Items from a data source:

+++

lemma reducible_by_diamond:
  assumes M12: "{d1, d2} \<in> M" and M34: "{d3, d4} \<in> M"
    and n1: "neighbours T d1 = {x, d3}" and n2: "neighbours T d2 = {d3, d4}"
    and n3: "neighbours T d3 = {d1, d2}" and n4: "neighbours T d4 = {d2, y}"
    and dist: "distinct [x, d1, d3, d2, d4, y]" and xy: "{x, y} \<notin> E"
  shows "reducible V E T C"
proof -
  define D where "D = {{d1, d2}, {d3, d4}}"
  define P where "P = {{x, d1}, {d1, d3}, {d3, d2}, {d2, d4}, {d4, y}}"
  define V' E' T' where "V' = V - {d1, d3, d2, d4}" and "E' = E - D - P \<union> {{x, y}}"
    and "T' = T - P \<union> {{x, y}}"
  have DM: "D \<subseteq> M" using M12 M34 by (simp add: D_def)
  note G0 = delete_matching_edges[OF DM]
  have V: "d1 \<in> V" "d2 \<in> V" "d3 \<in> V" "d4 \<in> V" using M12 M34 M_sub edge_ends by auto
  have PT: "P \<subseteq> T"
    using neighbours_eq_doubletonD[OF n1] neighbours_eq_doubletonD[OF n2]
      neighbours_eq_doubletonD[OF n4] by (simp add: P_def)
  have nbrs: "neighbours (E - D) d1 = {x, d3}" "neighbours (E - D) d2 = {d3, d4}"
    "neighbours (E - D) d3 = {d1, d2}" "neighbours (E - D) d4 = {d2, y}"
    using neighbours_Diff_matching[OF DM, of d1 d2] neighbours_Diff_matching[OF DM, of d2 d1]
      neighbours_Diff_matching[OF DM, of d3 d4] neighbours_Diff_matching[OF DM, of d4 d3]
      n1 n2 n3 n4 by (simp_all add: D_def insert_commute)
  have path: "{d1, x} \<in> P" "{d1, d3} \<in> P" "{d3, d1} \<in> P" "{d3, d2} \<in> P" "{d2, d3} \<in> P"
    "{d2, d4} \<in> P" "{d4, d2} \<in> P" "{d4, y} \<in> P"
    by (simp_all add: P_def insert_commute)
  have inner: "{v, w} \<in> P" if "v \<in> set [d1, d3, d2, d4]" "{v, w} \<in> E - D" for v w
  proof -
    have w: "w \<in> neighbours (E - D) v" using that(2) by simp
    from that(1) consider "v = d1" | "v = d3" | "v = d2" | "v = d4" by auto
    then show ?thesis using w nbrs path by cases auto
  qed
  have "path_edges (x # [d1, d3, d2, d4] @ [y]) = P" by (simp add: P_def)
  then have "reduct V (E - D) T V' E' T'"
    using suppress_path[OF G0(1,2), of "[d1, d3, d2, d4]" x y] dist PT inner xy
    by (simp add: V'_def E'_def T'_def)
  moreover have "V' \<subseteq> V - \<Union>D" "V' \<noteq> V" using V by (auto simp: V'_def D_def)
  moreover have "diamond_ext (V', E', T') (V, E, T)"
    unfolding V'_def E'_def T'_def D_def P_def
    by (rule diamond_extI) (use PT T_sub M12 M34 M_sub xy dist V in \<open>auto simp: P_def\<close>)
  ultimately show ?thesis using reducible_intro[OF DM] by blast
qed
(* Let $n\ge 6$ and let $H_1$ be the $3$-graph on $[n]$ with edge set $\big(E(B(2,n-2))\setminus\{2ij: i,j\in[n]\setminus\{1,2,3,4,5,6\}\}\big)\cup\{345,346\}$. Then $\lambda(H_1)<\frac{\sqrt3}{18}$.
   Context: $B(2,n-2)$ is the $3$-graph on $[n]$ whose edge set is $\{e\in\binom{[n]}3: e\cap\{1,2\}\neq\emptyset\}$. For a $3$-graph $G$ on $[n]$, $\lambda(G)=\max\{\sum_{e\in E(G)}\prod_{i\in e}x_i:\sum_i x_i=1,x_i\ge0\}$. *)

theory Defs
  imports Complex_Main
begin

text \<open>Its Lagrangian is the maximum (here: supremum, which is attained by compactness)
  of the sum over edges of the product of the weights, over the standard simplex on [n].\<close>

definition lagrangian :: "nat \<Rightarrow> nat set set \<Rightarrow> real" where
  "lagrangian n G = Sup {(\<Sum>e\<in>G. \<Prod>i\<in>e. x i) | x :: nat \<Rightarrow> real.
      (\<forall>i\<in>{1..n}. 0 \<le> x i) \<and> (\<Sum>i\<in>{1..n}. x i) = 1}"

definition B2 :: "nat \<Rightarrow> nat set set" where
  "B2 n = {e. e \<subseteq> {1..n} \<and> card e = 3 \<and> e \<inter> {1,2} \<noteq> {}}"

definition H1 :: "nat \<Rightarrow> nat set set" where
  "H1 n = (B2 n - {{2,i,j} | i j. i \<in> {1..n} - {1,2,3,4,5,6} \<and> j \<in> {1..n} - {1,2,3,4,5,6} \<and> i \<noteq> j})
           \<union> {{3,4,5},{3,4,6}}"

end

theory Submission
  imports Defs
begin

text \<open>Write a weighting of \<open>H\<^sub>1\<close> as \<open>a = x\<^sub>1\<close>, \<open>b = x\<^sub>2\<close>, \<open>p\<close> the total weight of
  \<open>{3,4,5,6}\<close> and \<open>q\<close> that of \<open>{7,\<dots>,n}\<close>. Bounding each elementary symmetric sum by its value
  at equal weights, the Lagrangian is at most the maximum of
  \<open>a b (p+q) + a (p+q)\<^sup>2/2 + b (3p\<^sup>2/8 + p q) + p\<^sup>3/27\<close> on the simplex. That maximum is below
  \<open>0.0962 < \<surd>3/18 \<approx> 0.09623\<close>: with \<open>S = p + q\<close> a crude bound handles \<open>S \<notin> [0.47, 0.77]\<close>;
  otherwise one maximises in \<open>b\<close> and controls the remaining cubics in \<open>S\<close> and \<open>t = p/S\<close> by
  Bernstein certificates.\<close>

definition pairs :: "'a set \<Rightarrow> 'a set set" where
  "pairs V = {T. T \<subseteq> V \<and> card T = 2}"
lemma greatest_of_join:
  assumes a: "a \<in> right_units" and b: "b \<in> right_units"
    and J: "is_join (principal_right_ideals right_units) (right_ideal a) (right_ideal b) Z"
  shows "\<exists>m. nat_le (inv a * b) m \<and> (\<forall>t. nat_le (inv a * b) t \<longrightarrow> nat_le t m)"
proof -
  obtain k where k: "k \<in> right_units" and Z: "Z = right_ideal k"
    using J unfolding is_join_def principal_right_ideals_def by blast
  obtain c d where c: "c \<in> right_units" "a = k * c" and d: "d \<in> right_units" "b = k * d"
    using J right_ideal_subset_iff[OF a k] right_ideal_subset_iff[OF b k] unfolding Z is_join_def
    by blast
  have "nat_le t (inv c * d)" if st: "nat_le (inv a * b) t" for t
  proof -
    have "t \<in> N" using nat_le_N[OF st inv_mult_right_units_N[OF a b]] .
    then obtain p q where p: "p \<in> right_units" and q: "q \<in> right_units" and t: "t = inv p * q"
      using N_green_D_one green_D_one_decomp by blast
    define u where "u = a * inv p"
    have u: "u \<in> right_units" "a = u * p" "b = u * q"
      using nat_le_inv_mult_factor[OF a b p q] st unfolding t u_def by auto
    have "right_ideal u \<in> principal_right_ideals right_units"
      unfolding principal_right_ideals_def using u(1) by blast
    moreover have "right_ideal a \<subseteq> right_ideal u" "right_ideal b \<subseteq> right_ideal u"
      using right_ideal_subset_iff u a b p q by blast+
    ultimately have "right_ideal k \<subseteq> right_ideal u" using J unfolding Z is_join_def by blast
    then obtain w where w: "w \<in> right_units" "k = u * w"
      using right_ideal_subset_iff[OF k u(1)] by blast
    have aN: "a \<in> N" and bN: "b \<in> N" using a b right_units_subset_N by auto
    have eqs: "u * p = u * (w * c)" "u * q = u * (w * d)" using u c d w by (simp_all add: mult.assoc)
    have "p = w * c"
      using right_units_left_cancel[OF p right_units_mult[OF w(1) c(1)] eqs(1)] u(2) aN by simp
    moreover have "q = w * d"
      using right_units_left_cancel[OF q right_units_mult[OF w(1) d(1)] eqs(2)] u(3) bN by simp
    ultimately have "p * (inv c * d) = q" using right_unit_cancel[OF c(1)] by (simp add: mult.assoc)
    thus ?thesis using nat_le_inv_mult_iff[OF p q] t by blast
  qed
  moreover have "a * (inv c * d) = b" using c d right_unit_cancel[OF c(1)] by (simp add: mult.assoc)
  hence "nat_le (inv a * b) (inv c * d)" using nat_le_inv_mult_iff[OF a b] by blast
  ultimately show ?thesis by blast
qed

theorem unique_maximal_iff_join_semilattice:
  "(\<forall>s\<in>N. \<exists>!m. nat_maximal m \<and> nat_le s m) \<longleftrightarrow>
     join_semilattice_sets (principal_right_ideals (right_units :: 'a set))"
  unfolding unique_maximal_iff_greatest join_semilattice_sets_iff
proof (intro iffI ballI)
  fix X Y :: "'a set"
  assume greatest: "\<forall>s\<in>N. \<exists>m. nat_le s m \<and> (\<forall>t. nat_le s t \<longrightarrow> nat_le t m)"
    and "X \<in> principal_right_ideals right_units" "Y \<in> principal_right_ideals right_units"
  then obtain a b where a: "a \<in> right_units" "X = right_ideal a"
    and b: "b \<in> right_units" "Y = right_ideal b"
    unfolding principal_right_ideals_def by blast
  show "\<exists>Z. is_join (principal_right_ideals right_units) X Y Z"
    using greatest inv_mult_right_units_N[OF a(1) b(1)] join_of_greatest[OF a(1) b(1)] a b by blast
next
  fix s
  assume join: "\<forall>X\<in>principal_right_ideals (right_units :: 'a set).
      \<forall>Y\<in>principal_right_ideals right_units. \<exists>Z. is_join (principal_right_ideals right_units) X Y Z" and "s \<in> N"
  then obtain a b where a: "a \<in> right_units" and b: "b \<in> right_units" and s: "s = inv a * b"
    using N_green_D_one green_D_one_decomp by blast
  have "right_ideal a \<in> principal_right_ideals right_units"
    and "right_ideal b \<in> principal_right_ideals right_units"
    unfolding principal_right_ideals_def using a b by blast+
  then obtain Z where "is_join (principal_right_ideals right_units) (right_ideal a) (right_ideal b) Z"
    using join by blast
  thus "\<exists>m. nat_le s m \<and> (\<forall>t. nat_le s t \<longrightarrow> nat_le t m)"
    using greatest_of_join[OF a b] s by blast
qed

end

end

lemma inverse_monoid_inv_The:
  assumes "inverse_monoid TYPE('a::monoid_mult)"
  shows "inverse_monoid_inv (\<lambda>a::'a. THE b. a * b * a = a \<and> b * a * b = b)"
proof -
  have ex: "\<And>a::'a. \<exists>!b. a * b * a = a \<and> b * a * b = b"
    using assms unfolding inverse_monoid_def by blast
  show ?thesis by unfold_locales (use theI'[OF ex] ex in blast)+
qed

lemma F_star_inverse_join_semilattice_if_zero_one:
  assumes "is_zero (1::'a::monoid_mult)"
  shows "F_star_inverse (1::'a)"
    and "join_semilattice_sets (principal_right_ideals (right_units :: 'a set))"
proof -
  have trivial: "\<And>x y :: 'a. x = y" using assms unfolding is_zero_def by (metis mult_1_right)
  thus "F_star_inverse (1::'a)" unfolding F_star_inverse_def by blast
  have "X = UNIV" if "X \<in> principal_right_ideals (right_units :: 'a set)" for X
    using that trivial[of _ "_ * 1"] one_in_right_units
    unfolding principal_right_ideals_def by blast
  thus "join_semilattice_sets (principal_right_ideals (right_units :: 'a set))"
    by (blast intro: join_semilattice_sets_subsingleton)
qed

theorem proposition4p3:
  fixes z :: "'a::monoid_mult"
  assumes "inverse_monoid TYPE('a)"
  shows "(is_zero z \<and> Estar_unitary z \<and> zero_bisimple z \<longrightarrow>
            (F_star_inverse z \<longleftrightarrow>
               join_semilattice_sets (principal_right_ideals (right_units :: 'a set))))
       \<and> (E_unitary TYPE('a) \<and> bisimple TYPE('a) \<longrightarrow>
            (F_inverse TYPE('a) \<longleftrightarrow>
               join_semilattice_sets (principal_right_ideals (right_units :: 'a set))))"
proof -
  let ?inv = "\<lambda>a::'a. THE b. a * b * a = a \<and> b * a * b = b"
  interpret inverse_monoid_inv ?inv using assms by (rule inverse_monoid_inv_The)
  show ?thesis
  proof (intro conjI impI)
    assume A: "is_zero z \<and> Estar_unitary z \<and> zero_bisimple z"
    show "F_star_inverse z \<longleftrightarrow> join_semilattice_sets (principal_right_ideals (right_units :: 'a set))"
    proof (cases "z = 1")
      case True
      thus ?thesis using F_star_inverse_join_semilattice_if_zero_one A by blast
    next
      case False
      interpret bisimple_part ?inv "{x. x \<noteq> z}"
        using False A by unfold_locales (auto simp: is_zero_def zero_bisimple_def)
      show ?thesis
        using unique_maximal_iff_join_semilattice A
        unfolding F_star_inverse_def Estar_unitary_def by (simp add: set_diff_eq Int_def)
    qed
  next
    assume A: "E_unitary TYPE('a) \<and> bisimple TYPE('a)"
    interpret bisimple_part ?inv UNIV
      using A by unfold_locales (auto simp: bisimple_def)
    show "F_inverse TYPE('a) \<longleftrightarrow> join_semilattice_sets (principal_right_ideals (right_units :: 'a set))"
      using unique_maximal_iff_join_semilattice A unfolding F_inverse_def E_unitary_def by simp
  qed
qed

+++

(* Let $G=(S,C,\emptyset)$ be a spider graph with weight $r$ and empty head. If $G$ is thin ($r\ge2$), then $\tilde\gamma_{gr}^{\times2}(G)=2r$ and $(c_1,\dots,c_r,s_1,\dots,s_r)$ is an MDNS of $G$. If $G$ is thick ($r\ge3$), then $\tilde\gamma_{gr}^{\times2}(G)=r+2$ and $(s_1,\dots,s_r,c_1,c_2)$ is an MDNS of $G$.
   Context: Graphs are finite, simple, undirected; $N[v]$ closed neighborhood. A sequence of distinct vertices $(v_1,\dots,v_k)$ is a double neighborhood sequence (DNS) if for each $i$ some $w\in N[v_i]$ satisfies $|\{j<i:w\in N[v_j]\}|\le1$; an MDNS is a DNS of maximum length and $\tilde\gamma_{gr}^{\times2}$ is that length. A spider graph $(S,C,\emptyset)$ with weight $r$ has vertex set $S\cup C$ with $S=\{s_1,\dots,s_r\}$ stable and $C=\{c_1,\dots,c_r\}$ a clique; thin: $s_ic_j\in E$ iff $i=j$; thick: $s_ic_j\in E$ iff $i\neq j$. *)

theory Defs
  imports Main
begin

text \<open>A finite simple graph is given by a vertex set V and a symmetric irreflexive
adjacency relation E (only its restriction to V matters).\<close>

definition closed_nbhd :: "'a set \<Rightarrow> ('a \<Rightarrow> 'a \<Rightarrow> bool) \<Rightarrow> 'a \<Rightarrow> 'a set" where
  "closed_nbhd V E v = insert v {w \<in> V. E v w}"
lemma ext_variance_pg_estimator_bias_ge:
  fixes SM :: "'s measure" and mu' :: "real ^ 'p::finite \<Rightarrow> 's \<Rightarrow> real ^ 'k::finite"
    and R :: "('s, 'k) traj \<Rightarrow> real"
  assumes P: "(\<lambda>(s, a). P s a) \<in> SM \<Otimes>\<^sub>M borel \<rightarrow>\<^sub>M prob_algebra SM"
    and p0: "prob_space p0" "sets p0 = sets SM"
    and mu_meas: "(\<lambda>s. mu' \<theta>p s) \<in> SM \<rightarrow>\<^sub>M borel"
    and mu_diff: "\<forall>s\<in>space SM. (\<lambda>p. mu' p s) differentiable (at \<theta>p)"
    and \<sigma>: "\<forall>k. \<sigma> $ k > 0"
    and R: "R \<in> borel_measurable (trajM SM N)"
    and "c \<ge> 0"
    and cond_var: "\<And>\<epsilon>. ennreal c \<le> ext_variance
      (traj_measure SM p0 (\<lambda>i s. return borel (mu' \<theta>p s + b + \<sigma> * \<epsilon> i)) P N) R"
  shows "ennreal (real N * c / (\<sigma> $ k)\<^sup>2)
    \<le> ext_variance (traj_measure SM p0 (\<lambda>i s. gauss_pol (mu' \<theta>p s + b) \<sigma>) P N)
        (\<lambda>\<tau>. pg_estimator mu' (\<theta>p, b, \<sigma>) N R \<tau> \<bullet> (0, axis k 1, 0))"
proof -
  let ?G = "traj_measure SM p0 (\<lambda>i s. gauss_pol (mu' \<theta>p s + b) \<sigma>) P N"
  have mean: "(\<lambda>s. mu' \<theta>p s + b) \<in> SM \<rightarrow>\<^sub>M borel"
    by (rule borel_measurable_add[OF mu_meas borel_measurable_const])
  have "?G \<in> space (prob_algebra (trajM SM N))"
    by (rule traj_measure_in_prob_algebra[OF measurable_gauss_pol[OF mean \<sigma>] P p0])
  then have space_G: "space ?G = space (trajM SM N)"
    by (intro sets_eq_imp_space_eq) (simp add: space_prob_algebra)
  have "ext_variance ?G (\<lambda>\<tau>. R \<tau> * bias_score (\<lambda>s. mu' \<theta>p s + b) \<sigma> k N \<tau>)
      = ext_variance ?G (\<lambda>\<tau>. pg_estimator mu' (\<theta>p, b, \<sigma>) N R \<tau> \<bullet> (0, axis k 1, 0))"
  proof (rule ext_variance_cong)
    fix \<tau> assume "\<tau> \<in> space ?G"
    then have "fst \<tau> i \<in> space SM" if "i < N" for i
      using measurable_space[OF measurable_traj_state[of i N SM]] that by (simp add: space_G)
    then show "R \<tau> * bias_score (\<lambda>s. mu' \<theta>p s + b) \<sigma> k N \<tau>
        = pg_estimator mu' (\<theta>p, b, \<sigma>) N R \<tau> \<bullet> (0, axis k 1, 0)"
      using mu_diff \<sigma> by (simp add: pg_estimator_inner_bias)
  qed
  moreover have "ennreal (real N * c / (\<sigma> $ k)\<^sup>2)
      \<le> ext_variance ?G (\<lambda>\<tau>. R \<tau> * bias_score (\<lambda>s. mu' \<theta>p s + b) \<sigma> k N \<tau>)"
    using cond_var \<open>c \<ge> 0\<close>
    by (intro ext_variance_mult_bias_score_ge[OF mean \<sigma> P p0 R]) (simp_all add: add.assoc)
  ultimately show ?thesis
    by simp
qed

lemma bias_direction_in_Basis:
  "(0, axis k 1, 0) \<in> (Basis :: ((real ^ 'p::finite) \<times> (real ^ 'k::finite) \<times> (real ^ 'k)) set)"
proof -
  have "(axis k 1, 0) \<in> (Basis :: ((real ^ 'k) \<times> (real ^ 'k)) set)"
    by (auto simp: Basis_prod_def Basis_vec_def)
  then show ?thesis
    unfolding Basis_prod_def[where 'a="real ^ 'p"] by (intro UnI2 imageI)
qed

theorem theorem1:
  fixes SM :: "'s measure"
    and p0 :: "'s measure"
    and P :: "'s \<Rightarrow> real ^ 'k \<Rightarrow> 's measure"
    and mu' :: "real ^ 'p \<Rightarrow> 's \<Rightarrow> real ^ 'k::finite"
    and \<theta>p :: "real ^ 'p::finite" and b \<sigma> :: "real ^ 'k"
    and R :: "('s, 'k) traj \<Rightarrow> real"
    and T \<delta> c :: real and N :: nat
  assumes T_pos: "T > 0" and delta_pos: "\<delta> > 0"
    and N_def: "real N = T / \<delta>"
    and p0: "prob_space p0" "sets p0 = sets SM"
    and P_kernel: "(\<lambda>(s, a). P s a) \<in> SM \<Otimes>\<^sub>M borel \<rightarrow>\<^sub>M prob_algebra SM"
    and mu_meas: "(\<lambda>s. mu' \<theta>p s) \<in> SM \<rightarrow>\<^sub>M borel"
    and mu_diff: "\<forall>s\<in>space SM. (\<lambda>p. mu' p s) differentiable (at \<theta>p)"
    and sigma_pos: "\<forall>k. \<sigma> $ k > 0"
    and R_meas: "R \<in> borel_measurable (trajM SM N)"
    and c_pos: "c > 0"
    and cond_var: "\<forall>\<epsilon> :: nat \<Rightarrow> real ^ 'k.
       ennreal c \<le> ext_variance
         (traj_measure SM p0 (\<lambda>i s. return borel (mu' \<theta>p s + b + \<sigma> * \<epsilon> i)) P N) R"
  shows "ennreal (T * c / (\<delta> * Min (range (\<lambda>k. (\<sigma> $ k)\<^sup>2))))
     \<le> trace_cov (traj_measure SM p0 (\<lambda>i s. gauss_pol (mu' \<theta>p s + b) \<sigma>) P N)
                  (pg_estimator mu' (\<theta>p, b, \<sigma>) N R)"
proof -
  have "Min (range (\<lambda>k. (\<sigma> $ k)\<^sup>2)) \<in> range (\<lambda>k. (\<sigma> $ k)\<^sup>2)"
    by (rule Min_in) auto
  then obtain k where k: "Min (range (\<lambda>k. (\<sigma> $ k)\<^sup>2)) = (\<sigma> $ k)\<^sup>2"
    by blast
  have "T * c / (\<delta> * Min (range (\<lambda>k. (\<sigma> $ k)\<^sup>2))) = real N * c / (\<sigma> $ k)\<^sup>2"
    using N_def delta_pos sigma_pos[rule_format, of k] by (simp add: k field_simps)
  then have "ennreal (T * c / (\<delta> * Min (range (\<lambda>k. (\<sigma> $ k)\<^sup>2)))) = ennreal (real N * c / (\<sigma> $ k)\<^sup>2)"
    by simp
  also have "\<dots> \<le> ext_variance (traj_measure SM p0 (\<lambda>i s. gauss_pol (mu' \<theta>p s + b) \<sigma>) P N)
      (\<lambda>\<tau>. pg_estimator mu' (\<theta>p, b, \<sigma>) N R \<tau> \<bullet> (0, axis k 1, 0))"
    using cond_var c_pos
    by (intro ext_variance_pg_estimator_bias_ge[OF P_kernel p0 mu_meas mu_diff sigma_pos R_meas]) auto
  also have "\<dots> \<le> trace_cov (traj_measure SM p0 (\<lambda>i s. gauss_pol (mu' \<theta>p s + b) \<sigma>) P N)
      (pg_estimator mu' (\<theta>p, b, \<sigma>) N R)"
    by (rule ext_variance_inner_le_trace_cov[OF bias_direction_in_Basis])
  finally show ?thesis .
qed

+++

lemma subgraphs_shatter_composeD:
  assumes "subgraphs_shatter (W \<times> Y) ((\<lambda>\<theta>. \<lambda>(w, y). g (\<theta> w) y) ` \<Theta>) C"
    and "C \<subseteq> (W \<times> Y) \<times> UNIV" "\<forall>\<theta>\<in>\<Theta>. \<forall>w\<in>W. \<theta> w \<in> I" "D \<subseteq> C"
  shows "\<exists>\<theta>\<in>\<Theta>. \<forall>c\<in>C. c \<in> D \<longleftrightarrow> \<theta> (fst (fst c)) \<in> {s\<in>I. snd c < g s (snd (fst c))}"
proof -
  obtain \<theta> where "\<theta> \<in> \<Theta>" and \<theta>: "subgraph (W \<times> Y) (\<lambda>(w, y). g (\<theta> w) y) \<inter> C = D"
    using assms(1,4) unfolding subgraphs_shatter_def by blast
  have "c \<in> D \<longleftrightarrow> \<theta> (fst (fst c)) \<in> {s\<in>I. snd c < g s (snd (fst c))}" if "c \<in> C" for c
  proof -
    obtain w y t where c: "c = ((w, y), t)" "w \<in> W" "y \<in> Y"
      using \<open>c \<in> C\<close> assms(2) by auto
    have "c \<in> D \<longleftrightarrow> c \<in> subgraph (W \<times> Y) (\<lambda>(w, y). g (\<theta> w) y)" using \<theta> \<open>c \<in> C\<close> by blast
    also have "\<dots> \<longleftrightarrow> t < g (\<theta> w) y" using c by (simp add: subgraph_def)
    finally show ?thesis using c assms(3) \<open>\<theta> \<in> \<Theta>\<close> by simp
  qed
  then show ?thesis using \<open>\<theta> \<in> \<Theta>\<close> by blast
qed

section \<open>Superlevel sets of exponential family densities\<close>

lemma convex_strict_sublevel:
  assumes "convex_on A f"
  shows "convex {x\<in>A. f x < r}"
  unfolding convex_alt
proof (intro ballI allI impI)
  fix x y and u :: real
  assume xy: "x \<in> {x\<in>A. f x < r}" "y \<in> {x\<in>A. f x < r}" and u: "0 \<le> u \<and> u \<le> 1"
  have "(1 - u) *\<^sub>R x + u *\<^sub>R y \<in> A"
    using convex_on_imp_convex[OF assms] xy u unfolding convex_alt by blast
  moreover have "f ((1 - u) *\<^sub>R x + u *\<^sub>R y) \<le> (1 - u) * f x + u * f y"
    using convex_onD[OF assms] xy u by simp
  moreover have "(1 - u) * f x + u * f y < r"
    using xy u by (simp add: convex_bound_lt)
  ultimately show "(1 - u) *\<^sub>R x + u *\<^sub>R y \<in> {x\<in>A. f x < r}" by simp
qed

+++

EXERCISE INSTRUCTIONS> Using the records above, restate word for word the lines from the one with "right_units. \<exists>Z. is_join" through the one with "(F_star_inverse z \<longleftrightarrow>", both included.

FINISHED TASK>
      \<forall>Y\<in>principal_right_ideals right_units. \<exists>Z. is_join (principal_right_ideals right_units) X Y Z" and "s \<in> N"
  then obtain a b where a: "a \<in> right_units" and b: "b \<in> right_units" and s: "s = inv a * b"
    using N_green_D_one green_D_one_decomp by blast
  have "right_ideal a \<in> principal_right_ideals right_units"
    and "right_ideal b \<in> principal_right_ideals right_units"
    unfolding principal_right_ideals_def using a b by blast+
  then obtain Z where "is_join (principal_right_ideals right_units) (right_ideal a) (right_ideal b) Z"
    using join by blast
  thus "\<exists>m. nat_le s m \<and> (\<forall>t. nat_le s t \<longrightarrow> nat_le t m)"
    using greatest_of_join[OF a b] s by blast
qed

end

end

lemma inverse_monoid_inv_The:
  assumes "inverse_monoid TYPE('a::monoid_mult)"
  shows "inverse_monoid_inv (\<lambda>a::'a. THE b. a * b * a = a \<and> b * a * b = b)"
proof -
  have ex: "\<And>a::'a. \<exists>!b. a * b * a = a \<and> b * a * b = b"
    using assms unfolding inverse_monoid_def by blast
  show ?thesis by unfold_locales (use theI'[OF ex] ex in blast)+
qed

lemma F_star_inverse_join_semilattice_if_zero_one:
  assumes "is_zero (1::'a::monoid_mult)"
  shows "F_star_inverse (1::'a)"
    and "join_semilattice_sets (principal_right_ideals (right_units :: 'a set))"
proof -
  have trivial: "\<And>x y :: 'a. x = y" using assms unfolding is_zero_def by (metis mult_1_right)
  thus "F_star_inverse (1::'a)" unfolding F_star_inverse_def by blast
  have "X = UNIV" if "X \<in> principal_right_ideals (right_units :: 'a set)" for X
    using that trivial[of _ "_ * 1"] one_in_right_units
    unfolding principal_right_ideals_def by blast
  thus "join_semilattice_sets (principal_right_ideals (right_units :: 'a set))"
    by (blast intro: join_semilattice_sets_subsingleton)
qed

theorem proposition4p3:
  fixes z :: "'a::monoid_mult"
  assumes "inverse_monoid TYPE('a)"
  shows "(is_zero z \<and> Estar_unitary z \<and> zero_bisimple z \<longrightarrow>
            (F_star_inverse z \<longleftrightarrow>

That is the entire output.